- [Collected data]
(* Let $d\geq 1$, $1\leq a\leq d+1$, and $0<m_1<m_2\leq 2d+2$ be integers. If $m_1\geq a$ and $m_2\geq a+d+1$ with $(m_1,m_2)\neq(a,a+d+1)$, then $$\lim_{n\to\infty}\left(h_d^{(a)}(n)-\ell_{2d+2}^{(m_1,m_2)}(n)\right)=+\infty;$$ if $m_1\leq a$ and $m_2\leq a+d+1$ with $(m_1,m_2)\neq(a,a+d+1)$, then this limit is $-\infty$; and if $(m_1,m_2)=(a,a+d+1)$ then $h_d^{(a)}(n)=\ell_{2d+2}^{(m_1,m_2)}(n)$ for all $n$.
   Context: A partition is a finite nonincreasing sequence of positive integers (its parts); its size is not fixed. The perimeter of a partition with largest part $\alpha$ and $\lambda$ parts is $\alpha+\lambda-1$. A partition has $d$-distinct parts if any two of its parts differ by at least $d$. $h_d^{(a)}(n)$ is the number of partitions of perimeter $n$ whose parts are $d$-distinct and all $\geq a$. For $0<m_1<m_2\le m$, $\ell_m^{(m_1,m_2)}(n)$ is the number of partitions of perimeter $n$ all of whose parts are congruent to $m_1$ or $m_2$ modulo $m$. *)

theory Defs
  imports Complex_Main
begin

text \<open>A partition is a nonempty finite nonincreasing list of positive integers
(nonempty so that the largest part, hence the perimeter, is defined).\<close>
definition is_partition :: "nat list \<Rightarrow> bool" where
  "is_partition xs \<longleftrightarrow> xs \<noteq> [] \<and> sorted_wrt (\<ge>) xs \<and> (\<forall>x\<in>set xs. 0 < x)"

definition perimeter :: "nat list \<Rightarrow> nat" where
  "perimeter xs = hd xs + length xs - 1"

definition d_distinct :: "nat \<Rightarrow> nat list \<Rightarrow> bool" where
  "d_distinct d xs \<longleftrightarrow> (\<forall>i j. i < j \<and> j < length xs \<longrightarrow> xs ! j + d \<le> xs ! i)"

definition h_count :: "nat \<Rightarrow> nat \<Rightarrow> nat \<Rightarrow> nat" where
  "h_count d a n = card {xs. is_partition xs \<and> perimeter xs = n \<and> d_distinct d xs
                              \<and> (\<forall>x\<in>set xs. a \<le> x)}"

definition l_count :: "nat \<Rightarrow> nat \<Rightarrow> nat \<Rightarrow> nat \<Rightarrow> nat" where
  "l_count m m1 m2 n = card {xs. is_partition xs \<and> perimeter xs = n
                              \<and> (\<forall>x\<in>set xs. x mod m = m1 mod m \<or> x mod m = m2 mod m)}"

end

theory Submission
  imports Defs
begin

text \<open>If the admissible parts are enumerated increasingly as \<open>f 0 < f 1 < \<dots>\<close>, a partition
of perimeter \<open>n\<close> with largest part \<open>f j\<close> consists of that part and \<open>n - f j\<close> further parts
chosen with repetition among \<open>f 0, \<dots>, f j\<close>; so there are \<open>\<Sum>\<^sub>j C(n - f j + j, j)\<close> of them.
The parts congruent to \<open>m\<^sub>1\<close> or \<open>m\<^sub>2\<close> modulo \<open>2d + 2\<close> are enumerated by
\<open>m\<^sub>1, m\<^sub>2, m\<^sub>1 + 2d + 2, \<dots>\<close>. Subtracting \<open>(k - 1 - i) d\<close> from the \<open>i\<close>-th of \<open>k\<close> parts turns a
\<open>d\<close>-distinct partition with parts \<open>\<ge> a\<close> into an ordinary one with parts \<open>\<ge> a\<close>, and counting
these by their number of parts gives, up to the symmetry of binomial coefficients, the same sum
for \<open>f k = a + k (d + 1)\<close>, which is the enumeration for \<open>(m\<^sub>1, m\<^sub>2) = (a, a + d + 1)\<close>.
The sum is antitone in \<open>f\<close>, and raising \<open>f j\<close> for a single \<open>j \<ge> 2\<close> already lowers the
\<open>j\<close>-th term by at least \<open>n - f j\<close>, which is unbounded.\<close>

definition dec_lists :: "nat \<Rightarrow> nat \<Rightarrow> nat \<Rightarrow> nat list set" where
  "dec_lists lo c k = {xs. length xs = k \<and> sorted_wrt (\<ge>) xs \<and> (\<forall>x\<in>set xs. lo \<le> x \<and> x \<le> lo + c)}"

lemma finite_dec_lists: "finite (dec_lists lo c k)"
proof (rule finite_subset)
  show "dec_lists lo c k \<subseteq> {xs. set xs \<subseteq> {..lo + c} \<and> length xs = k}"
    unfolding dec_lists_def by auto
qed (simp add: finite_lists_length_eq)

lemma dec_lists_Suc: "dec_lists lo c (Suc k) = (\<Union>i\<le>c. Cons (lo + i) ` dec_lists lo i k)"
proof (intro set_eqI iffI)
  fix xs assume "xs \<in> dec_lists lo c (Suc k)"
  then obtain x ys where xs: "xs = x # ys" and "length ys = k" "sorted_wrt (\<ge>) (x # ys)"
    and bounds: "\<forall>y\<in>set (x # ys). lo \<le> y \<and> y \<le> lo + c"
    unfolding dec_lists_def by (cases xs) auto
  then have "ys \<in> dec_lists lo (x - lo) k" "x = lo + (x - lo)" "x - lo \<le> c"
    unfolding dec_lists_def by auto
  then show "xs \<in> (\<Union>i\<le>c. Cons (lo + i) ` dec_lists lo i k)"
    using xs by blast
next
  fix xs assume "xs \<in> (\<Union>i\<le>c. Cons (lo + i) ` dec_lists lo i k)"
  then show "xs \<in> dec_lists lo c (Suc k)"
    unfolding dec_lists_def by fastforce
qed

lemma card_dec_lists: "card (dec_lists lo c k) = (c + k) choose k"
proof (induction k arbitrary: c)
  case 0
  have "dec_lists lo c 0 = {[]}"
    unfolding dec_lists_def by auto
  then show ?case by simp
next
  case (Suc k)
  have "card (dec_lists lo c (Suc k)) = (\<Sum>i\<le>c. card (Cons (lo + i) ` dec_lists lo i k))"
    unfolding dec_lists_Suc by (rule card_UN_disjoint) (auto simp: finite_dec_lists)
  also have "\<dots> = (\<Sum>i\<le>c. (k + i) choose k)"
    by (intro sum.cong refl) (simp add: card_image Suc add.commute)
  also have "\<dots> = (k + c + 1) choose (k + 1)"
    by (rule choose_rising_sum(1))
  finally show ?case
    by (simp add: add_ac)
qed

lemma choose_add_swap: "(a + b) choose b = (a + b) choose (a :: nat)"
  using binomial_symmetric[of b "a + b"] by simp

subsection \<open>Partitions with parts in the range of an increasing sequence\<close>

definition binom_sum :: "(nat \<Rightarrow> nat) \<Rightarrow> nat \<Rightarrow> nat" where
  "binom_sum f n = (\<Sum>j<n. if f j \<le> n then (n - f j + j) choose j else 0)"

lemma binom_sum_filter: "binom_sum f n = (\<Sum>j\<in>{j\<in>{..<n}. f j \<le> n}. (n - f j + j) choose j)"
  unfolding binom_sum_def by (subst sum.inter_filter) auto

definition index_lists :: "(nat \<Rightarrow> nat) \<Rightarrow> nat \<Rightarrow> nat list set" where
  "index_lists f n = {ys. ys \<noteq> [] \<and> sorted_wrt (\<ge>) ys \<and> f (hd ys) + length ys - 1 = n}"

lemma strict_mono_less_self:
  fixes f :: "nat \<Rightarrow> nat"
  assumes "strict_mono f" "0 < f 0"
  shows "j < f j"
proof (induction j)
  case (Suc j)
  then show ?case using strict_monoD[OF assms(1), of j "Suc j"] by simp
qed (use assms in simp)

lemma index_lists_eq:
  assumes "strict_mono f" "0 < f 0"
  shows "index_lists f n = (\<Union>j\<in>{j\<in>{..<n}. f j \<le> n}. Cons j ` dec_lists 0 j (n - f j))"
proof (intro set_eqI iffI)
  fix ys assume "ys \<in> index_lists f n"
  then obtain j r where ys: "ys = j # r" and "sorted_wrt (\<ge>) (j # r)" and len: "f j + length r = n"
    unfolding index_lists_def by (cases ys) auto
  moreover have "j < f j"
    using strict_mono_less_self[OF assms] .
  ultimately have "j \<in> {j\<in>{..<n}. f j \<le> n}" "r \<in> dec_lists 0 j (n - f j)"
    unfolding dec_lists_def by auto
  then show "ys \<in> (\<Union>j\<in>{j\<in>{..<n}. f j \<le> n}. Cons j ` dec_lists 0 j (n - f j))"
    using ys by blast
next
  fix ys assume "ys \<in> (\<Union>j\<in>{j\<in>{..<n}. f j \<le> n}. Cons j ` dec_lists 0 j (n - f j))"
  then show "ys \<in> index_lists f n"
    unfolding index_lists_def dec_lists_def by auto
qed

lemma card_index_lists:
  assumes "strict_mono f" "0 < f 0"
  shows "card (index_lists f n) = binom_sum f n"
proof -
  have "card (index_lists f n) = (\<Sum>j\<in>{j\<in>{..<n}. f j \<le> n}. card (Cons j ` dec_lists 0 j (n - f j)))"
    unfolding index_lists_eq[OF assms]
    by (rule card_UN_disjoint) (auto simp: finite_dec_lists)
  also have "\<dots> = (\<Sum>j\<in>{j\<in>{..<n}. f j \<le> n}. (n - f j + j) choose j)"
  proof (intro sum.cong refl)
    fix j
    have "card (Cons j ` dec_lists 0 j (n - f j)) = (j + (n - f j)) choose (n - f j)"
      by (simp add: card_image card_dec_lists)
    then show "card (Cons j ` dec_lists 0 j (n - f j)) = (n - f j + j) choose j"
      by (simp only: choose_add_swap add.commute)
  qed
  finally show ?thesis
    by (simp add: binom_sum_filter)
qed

...

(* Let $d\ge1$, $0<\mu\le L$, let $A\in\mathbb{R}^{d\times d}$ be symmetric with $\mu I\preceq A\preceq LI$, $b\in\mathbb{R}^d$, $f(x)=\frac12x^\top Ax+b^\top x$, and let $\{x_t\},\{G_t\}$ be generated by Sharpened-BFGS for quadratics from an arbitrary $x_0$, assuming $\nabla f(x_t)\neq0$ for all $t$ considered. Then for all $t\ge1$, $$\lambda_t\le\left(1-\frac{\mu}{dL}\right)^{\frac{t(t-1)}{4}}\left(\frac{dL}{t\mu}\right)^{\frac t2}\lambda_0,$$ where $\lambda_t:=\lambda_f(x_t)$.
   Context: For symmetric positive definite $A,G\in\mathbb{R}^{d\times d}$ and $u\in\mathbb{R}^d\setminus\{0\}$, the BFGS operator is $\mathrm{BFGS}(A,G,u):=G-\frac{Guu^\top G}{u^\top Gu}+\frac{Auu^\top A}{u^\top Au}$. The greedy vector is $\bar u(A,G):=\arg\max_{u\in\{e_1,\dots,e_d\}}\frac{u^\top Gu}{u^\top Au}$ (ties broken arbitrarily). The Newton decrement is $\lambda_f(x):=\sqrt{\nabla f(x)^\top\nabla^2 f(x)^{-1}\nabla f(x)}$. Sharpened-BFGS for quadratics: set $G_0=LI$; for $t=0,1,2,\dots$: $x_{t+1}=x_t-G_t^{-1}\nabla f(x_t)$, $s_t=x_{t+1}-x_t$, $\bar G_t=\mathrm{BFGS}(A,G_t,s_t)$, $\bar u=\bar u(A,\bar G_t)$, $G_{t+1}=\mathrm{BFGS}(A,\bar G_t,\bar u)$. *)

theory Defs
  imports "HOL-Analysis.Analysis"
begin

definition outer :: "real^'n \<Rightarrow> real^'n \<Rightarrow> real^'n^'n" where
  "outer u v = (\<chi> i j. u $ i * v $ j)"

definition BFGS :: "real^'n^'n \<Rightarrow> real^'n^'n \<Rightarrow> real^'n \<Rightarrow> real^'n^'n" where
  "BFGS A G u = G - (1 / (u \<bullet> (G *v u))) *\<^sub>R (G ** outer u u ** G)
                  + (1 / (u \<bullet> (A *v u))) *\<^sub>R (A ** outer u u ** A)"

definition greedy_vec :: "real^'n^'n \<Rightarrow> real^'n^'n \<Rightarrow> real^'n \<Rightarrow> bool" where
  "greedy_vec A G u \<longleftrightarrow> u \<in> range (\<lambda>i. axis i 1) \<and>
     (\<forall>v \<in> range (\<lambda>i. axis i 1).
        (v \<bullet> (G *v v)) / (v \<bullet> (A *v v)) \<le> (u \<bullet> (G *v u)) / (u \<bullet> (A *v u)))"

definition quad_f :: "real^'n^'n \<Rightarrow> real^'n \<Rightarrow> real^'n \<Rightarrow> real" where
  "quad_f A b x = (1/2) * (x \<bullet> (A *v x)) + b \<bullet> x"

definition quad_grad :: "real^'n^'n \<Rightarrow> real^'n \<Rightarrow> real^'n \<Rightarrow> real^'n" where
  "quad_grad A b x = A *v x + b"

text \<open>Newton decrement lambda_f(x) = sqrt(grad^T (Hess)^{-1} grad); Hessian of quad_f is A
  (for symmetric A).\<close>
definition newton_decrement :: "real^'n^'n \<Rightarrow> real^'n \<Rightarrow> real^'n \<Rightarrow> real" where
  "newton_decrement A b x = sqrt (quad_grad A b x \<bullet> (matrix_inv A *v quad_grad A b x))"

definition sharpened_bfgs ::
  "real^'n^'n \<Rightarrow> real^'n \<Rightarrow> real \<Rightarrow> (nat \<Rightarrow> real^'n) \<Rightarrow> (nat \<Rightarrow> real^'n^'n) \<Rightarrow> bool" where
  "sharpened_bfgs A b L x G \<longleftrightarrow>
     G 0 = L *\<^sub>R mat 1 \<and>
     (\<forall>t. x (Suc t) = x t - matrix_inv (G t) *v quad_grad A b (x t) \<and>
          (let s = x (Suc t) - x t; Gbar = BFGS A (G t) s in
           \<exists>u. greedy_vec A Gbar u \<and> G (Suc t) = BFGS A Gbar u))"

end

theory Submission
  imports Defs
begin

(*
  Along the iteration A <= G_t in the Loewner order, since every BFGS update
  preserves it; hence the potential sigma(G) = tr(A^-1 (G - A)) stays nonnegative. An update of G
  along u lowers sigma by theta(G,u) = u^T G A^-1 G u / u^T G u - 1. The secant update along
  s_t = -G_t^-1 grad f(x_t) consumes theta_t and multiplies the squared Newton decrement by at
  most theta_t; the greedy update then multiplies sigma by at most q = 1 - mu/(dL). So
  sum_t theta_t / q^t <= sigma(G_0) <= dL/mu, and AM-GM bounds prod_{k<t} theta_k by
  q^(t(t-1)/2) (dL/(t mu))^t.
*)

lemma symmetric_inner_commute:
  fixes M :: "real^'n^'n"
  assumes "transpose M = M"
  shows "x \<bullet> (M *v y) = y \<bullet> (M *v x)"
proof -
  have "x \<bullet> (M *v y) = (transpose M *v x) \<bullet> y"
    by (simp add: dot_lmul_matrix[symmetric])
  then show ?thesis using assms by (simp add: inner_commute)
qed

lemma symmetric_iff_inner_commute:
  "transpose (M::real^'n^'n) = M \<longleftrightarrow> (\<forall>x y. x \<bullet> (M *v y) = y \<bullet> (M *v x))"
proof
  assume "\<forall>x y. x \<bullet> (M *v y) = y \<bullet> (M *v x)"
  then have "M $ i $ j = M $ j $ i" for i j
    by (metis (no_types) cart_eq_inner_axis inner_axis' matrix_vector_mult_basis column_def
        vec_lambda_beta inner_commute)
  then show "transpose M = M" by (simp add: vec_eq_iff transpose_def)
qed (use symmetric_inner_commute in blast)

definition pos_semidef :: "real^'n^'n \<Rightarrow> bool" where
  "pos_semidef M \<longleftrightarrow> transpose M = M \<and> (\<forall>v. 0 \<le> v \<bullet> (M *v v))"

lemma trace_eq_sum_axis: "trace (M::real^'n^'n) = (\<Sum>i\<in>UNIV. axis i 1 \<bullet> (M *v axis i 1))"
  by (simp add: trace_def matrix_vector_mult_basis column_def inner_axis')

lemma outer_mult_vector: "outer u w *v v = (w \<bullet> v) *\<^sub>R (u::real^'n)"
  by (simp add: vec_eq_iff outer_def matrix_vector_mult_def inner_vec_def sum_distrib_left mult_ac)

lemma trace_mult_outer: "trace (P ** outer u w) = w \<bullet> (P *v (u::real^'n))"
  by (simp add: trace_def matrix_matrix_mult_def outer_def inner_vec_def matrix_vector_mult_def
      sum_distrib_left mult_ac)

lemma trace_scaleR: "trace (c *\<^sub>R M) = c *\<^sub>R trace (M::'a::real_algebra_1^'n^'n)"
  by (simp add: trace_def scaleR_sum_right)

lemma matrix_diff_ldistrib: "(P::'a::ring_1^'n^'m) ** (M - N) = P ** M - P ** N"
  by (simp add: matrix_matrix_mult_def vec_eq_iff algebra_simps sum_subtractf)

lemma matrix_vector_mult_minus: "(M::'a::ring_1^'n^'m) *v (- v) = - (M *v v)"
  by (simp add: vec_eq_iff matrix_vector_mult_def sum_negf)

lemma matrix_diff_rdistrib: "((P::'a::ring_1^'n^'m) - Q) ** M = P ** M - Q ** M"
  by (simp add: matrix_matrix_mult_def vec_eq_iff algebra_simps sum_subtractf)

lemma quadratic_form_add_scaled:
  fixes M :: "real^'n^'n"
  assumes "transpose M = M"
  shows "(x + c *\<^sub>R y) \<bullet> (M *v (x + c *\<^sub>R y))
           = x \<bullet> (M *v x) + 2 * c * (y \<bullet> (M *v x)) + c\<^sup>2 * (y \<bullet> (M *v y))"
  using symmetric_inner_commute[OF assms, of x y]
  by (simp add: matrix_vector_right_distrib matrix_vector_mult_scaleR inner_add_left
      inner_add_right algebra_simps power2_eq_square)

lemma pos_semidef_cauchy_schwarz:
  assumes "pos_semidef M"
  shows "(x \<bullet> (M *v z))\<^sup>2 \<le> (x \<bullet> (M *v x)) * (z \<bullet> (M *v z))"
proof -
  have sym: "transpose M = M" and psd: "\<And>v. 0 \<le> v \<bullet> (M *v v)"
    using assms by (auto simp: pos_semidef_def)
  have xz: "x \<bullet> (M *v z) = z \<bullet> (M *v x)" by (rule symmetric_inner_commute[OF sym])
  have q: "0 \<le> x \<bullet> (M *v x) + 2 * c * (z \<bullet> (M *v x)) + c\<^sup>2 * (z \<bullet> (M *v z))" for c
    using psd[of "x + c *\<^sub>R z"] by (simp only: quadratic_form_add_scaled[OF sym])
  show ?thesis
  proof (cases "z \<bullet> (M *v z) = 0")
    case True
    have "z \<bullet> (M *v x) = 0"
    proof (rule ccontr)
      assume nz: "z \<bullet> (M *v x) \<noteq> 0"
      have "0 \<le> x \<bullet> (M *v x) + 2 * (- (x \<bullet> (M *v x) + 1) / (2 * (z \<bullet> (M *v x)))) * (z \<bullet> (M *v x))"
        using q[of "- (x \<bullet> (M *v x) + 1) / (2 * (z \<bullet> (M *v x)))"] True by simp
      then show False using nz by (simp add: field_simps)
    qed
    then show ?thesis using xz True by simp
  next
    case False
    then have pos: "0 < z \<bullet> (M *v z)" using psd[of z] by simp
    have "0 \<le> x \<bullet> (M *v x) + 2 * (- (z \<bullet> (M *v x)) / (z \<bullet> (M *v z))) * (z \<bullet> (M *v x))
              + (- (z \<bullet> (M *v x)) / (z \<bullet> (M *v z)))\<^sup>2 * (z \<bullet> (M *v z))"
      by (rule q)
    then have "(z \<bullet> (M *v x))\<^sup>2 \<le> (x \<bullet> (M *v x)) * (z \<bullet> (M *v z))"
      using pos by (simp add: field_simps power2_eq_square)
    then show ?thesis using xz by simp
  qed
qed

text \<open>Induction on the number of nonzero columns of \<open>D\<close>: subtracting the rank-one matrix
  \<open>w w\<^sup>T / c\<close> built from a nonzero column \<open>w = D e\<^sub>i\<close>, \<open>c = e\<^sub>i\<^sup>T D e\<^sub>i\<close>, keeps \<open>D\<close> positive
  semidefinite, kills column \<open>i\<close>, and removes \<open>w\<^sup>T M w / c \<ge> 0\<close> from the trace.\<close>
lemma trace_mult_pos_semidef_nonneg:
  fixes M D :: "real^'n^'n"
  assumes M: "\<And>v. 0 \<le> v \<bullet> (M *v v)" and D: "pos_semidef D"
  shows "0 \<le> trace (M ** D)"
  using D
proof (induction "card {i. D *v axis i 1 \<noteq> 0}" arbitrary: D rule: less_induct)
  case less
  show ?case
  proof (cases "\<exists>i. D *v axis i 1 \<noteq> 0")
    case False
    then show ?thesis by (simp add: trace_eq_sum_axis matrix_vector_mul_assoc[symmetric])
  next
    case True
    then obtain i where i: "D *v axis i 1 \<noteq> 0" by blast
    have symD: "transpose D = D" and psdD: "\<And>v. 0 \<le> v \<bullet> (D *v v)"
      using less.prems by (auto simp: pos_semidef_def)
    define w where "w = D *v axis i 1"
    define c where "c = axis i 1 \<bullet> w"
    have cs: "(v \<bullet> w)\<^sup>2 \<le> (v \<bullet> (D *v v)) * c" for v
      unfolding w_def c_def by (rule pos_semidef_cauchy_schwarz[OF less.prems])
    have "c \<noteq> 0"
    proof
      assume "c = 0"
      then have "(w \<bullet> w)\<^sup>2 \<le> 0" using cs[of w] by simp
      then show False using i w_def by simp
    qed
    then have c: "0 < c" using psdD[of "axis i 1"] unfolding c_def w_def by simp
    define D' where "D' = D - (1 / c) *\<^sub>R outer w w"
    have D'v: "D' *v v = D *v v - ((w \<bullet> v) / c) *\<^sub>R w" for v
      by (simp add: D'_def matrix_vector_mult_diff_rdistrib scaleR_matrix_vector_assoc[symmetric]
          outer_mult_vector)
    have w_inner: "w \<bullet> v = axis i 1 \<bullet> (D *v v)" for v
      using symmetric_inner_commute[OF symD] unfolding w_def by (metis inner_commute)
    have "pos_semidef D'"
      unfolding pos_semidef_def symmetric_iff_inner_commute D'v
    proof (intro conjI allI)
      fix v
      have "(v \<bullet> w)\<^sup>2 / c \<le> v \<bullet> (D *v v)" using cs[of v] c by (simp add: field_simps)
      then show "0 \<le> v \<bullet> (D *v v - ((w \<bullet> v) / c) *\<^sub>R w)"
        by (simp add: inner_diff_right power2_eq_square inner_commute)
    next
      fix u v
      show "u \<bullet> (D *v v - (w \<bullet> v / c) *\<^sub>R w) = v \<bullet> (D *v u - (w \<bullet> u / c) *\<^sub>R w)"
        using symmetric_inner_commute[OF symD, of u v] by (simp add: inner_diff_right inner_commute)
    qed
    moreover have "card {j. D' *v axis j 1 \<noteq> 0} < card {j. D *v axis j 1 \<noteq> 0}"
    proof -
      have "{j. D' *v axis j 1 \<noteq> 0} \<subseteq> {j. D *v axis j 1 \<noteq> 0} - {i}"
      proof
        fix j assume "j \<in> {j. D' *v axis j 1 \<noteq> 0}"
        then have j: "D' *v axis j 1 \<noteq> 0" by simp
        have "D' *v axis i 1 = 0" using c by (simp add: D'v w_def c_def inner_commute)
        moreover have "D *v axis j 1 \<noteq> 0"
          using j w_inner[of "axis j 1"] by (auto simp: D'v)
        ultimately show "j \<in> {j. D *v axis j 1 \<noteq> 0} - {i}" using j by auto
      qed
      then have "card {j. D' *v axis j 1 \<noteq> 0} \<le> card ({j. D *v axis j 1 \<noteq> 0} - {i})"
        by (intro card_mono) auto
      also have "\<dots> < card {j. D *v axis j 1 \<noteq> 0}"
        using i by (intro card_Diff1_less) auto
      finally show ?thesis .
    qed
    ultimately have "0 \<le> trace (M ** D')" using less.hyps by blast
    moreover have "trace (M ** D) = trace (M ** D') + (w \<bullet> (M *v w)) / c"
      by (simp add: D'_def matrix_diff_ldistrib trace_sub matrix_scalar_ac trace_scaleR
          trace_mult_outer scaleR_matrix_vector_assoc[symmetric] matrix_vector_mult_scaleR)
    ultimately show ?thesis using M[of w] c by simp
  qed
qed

- [TASK DIRECTIONS] Wherever a line above contains the string "finally", count it; then give the total alone.

- [THE COMPLETED TASK] 3